Aim of the task: Search the records for lines that contain the word "orth". Copy them all.

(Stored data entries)
══════
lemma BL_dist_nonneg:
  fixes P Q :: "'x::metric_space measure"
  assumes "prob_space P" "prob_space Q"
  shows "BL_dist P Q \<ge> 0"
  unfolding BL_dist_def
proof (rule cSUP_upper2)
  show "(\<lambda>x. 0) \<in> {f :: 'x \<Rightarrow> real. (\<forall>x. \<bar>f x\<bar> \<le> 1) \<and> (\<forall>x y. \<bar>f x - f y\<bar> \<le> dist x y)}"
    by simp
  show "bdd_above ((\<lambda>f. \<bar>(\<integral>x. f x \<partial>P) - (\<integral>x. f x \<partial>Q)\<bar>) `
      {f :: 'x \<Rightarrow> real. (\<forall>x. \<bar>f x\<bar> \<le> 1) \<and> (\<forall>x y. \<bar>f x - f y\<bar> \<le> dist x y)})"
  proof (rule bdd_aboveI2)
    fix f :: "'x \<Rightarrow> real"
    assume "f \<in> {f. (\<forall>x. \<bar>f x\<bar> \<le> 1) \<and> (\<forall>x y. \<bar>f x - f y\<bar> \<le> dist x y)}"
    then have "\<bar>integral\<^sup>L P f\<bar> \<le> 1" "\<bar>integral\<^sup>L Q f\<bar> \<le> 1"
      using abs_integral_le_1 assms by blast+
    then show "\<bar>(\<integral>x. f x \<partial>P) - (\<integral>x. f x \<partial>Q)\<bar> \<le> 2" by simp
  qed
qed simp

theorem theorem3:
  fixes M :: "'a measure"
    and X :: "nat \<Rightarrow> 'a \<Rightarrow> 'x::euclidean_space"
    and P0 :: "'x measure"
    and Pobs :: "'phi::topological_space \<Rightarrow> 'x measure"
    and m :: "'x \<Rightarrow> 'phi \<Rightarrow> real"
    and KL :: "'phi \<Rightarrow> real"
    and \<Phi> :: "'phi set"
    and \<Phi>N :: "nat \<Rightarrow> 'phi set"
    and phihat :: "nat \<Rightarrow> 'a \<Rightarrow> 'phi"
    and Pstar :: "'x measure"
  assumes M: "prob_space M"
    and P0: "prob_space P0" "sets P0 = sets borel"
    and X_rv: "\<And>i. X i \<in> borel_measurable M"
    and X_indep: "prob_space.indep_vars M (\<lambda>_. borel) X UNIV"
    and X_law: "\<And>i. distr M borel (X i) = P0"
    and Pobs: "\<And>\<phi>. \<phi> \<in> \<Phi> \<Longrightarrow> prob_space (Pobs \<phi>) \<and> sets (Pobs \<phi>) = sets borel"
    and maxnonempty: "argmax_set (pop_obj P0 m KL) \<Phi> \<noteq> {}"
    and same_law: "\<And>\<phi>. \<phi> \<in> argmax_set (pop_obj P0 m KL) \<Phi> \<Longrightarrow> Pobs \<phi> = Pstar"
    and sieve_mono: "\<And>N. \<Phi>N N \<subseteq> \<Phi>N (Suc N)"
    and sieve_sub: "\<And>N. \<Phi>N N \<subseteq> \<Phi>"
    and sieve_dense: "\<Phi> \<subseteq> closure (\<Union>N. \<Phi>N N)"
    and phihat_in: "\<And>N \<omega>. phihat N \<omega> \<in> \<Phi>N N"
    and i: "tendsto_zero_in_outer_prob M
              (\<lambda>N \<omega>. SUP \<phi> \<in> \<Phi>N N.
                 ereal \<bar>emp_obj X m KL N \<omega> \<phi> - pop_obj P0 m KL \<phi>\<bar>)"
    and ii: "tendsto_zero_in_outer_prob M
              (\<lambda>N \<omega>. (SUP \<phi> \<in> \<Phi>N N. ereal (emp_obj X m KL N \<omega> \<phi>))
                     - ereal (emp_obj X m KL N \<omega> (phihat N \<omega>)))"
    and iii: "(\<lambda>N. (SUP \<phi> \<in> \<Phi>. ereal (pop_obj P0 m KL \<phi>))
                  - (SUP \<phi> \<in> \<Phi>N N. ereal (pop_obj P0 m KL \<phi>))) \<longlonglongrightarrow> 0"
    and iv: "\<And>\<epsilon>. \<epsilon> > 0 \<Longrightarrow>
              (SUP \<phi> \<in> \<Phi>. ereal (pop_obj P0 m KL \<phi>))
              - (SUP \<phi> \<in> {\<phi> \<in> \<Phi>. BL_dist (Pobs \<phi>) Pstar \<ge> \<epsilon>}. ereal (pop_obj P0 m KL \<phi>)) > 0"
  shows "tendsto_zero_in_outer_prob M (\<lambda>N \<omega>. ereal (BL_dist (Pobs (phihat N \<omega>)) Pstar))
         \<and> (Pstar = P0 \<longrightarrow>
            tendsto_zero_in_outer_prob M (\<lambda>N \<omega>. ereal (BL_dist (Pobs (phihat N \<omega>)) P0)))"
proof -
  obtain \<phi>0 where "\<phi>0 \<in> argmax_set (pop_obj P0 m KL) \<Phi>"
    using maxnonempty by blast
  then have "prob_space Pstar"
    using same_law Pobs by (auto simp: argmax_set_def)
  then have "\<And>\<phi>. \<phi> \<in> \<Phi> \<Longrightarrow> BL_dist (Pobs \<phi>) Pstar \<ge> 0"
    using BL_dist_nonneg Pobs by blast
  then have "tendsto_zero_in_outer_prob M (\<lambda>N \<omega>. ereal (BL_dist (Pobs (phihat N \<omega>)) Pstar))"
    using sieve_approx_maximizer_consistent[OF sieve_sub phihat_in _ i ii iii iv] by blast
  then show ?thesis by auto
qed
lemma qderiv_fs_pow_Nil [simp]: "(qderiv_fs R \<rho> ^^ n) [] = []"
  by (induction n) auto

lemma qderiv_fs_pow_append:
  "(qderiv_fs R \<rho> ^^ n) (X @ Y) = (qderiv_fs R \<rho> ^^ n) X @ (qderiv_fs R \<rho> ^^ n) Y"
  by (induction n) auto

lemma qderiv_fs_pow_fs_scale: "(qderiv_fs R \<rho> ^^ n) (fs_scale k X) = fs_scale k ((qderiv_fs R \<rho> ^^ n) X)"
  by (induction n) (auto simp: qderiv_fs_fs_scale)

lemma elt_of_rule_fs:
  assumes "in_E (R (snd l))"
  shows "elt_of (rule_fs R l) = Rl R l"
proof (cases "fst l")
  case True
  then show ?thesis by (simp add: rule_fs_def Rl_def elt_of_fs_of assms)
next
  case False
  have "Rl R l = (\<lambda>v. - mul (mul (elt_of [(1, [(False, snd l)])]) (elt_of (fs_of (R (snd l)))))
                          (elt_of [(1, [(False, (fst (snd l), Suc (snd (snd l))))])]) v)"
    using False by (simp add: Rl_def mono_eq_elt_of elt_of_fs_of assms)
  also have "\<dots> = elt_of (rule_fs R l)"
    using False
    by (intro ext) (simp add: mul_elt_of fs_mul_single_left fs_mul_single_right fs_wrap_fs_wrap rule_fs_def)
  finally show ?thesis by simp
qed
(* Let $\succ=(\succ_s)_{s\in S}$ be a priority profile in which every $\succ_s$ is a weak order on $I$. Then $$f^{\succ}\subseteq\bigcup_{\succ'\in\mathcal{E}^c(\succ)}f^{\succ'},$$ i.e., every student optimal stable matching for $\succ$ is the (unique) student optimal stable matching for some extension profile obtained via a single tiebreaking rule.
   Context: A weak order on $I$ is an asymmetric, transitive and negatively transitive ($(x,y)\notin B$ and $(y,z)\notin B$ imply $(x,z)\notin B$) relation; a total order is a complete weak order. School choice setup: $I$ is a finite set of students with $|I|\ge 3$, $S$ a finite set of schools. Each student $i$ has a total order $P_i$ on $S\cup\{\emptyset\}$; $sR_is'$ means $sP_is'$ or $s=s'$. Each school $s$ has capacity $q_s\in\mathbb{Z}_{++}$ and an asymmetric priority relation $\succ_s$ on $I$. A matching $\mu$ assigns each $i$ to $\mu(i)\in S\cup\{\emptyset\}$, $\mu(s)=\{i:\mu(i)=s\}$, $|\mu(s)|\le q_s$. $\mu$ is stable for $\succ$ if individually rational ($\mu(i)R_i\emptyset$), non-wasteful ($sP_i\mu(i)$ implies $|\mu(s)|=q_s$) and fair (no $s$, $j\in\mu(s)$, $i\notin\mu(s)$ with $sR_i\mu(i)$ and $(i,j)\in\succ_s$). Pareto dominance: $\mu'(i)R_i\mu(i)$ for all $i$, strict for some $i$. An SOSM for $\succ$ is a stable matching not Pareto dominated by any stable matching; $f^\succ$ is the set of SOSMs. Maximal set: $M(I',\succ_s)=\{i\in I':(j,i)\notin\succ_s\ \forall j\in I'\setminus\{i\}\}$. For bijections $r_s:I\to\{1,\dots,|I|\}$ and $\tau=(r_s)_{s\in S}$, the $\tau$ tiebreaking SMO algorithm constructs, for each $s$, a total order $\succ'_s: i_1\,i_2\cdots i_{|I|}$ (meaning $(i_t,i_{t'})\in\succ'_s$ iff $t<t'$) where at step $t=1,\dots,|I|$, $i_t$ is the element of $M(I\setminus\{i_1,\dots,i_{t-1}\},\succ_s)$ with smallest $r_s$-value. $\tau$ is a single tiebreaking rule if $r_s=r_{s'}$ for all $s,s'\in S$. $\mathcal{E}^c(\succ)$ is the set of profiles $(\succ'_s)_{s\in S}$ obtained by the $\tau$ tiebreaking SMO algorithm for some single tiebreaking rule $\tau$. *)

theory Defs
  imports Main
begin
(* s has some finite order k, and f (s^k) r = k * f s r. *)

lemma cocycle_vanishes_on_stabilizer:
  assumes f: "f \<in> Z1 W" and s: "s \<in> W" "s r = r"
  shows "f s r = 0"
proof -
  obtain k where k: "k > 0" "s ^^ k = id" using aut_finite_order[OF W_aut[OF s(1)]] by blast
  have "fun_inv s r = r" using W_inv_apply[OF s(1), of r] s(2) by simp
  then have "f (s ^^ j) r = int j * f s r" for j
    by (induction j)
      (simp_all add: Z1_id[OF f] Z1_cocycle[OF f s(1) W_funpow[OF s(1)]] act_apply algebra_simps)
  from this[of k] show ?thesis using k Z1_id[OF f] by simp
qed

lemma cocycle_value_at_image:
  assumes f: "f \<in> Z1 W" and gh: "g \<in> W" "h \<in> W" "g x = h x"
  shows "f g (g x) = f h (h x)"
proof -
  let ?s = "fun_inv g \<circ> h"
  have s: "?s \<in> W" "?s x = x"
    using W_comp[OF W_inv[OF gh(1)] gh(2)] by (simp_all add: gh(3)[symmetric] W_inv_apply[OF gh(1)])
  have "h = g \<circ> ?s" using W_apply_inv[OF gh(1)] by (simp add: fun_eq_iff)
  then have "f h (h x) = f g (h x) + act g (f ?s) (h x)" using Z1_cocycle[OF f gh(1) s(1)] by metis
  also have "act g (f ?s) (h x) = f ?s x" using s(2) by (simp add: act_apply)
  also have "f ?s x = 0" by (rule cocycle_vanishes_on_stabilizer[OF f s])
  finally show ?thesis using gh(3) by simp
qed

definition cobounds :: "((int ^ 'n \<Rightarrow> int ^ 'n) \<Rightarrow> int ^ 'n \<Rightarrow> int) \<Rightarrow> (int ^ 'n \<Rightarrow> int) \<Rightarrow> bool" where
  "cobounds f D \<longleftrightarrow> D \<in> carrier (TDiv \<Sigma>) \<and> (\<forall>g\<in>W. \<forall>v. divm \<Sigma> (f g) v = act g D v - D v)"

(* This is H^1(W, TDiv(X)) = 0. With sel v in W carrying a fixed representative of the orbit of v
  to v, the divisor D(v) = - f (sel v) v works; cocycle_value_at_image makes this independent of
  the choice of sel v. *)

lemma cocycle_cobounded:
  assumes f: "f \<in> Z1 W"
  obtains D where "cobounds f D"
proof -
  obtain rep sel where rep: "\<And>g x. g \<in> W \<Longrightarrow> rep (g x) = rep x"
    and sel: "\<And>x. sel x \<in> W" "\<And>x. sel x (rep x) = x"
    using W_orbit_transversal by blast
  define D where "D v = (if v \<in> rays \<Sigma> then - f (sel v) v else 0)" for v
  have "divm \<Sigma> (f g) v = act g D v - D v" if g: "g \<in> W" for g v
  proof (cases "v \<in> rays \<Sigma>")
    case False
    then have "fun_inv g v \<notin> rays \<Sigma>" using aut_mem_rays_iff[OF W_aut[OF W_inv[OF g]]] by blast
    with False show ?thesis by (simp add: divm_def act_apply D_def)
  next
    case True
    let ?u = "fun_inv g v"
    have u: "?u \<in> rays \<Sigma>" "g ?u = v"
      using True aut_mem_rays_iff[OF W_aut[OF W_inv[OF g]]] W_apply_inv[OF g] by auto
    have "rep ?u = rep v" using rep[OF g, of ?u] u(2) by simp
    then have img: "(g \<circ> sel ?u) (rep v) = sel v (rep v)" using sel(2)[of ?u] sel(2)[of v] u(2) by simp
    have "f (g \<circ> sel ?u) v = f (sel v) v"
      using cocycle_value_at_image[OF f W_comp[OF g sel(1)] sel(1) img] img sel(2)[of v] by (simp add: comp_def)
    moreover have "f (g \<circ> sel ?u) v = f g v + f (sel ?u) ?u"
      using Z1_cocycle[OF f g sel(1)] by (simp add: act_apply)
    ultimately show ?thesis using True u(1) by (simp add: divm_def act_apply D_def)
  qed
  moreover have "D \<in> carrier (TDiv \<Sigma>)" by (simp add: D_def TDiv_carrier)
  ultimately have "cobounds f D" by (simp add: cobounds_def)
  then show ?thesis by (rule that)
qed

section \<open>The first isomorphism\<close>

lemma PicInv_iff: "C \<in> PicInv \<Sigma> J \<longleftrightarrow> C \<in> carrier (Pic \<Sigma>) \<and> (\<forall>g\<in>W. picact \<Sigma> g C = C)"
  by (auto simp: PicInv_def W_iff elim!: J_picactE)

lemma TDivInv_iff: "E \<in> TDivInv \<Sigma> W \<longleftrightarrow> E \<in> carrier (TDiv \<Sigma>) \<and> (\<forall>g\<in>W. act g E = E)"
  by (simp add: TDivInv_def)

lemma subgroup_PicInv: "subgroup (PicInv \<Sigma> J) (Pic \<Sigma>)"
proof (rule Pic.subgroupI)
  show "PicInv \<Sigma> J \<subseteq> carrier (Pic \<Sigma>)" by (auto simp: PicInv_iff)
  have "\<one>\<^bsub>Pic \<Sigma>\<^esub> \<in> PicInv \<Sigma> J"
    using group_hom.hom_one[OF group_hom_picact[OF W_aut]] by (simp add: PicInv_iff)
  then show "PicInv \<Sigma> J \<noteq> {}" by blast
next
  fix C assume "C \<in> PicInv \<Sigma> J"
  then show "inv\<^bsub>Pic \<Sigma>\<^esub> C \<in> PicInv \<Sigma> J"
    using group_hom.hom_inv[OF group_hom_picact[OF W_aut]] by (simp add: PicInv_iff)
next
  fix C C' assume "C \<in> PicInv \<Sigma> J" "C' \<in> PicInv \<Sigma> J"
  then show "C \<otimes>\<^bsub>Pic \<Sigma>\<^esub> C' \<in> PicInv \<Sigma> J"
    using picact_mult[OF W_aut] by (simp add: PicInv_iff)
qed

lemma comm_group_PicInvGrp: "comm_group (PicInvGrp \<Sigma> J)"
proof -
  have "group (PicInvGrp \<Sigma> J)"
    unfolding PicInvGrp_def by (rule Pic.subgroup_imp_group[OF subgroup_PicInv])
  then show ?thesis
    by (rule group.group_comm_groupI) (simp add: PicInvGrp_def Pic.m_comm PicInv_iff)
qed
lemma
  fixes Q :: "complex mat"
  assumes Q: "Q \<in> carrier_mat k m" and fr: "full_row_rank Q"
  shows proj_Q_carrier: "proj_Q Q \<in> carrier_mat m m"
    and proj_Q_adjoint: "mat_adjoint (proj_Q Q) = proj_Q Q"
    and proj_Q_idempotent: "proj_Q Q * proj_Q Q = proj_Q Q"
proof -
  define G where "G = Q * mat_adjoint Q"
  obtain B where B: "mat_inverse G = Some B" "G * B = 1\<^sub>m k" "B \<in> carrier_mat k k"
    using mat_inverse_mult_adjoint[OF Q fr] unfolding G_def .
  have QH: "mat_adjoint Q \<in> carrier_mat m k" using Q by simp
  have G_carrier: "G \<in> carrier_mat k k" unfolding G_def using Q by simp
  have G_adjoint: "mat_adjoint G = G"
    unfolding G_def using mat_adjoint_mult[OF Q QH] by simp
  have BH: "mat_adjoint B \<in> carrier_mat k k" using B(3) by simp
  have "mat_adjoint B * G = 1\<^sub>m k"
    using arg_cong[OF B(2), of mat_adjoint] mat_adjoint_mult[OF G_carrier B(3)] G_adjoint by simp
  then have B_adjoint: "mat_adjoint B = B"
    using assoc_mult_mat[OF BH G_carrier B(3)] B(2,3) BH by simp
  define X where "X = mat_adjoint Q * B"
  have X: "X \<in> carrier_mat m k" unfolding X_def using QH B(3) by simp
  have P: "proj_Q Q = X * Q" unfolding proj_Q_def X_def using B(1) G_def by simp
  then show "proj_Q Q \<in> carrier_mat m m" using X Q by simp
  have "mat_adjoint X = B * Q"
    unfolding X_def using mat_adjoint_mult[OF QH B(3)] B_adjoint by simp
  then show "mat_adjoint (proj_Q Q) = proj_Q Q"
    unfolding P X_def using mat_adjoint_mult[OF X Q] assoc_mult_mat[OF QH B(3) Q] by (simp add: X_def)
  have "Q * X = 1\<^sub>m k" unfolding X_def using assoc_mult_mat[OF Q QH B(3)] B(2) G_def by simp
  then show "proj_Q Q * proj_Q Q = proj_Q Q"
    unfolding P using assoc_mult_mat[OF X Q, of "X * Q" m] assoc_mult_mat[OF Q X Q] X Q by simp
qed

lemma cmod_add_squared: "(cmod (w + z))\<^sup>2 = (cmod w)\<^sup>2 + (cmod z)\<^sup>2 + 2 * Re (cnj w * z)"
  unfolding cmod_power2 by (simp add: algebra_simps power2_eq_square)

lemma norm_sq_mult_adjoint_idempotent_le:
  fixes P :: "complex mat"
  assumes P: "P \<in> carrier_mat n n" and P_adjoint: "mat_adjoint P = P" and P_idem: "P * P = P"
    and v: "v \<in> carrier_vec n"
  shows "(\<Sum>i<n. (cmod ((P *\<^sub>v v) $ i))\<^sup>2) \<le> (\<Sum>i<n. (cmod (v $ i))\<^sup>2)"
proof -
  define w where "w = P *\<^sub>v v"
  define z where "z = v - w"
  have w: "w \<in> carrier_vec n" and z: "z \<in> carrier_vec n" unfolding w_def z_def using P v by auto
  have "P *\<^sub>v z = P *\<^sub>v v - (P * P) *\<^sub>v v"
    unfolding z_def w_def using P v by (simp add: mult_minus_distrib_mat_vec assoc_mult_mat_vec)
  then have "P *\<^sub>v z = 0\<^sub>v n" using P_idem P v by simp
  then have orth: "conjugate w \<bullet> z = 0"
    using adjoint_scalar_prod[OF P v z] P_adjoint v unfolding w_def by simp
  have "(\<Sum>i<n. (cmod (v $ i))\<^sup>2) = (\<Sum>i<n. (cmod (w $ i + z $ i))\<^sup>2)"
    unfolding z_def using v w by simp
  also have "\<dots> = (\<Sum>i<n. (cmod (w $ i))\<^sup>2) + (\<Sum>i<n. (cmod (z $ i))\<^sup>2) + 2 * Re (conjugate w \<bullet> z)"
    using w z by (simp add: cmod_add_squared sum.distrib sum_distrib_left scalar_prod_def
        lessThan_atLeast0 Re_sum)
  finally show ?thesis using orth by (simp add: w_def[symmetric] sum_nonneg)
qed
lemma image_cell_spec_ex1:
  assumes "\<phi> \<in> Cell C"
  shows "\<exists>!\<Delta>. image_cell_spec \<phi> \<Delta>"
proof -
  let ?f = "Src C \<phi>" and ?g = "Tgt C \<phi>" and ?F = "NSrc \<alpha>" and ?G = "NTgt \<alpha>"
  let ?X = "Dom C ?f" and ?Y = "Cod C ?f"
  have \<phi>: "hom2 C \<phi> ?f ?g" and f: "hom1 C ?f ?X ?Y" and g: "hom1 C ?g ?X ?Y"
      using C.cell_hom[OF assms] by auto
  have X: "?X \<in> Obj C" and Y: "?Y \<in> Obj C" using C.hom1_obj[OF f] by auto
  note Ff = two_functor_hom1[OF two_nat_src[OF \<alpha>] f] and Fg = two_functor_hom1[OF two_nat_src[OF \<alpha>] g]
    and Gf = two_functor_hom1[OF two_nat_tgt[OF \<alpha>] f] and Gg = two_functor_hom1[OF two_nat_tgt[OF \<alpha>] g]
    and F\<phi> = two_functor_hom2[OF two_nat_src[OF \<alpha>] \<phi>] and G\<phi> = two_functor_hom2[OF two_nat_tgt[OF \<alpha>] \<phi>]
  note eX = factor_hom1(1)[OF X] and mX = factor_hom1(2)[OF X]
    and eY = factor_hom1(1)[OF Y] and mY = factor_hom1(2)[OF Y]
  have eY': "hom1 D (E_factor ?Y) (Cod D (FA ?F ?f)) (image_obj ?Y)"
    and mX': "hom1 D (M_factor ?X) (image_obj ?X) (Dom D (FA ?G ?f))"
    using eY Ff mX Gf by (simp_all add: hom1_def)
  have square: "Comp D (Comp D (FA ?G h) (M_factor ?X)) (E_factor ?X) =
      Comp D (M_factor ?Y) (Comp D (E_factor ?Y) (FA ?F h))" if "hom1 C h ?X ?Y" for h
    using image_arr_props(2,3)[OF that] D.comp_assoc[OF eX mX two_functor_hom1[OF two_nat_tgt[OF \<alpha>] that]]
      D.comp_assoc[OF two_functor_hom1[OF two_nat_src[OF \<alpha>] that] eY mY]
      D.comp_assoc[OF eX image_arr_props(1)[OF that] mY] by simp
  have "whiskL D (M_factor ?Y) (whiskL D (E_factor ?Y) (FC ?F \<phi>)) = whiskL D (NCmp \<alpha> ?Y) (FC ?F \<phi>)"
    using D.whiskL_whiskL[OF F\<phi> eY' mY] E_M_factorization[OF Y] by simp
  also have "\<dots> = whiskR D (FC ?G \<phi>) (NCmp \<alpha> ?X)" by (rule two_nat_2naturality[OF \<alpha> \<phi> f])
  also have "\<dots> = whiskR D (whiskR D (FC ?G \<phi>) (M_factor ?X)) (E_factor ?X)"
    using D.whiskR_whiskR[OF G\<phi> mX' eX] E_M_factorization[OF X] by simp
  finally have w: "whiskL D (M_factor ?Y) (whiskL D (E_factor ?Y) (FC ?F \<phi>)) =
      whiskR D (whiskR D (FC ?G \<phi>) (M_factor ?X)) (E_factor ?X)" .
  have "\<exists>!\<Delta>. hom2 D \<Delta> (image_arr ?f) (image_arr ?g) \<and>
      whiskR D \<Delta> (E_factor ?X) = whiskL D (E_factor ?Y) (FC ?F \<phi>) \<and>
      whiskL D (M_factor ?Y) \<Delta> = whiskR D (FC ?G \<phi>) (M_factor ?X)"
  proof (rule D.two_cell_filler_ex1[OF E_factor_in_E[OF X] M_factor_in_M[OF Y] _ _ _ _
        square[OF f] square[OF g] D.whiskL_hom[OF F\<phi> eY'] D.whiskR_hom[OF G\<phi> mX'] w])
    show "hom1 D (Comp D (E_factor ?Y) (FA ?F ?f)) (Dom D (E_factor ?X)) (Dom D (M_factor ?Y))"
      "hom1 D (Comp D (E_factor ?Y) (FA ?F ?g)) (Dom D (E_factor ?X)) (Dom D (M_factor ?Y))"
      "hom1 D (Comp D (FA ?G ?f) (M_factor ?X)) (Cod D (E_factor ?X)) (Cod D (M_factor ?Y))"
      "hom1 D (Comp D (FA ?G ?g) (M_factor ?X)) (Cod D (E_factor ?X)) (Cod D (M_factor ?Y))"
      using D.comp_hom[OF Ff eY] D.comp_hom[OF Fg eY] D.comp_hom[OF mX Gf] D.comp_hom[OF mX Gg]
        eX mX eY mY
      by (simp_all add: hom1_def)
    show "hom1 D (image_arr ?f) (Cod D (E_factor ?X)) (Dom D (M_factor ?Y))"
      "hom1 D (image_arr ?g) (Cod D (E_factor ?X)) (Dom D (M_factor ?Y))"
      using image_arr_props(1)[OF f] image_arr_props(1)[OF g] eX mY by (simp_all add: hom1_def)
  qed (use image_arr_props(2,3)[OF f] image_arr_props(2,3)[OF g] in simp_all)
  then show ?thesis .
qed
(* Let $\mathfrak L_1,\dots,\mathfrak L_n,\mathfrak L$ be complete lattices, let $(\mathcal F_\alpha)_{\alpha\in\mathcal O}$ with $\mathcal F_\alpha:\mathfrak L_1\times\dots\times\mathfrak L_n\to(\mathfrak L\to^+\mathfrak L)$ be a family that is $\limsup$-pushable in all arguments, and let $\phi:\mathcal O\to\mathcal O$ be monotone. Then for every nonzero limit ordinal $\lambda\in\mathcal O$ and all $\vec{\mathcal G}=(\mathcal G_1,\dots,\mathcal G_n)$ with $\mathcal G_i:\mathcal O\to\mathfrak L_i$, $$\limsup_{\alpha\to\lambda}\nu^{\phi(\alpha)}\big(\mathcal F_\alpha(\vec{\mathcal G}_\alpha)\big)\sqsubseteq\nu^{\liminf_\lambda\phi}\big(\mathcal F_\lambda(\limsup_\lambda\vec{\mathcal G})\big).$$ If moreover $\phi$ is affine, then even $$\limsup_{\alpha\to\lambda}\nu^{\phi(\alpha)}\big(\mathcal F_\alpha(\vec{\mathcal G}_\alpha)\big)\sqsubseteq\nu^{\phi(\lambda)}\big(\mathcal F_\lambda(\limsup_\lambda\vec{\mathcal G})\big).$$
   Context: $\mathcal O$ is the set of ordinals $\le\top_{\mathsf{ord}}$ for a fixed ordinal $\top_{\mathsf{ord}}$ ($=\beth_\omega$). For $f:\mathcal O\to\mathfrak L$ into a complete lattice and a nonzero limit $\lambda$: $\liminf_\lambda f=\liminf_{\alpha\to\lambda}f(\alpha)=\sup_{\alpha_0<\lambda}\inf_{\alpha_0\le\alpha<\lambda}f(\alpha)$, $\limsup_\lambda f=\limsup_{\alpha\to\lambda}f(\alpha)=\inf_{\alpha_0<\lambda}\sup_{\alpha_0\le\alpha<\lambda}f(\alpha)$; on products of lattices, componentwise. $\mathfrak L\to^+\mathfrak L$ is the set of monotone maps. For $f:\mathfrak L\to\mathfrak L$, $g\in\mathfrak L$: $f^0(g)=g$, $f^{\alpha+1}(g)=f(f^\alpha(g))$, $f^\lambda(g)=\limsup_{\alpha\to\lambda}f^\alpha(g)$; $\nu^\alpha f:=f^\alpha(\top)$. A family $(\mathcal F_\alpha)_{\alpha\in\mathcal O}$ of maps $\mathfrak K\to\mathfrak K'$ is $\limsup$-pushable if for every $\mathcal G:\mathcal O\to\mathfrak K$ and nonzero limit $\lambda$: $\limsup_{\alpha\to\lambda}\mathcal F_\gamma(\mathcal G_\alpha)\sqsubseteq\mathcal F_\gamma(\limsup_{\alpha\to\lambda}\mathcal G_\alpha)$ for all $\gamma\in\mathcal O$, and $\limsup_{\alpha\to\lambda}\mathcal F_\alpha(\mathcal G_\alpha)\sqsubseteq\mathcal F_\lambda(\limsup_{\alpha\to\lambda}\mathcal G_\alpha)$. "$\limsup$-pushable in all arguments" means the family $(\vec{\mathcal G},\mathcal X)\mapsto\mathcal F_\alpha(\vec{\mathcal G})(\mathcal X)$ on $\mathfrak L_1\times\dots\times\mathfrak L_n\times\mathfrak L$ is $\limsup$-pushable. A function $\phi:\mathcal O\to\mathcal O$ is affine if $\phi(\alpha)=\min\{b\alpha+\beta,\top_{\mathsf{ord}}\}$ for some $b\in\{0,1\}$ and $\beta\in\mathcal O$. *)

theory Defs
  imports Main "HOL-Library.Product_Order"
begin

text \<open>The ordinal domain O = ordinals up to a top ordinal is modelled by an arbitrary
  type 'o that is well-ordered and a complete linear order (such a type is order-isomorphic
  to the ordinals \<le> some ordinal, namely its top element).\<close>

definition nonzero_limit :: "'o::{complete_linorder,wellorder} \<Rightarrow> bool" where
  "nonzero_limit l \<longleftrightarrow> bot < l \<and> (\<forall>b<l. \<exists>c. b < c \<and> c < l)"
══════
Solution to this exercise:
  then have orth: "conjugate w \<bullet> z = 0"
  finally show ?thesis using orth by (simp add: w_def[symmetric] sum_nonneg)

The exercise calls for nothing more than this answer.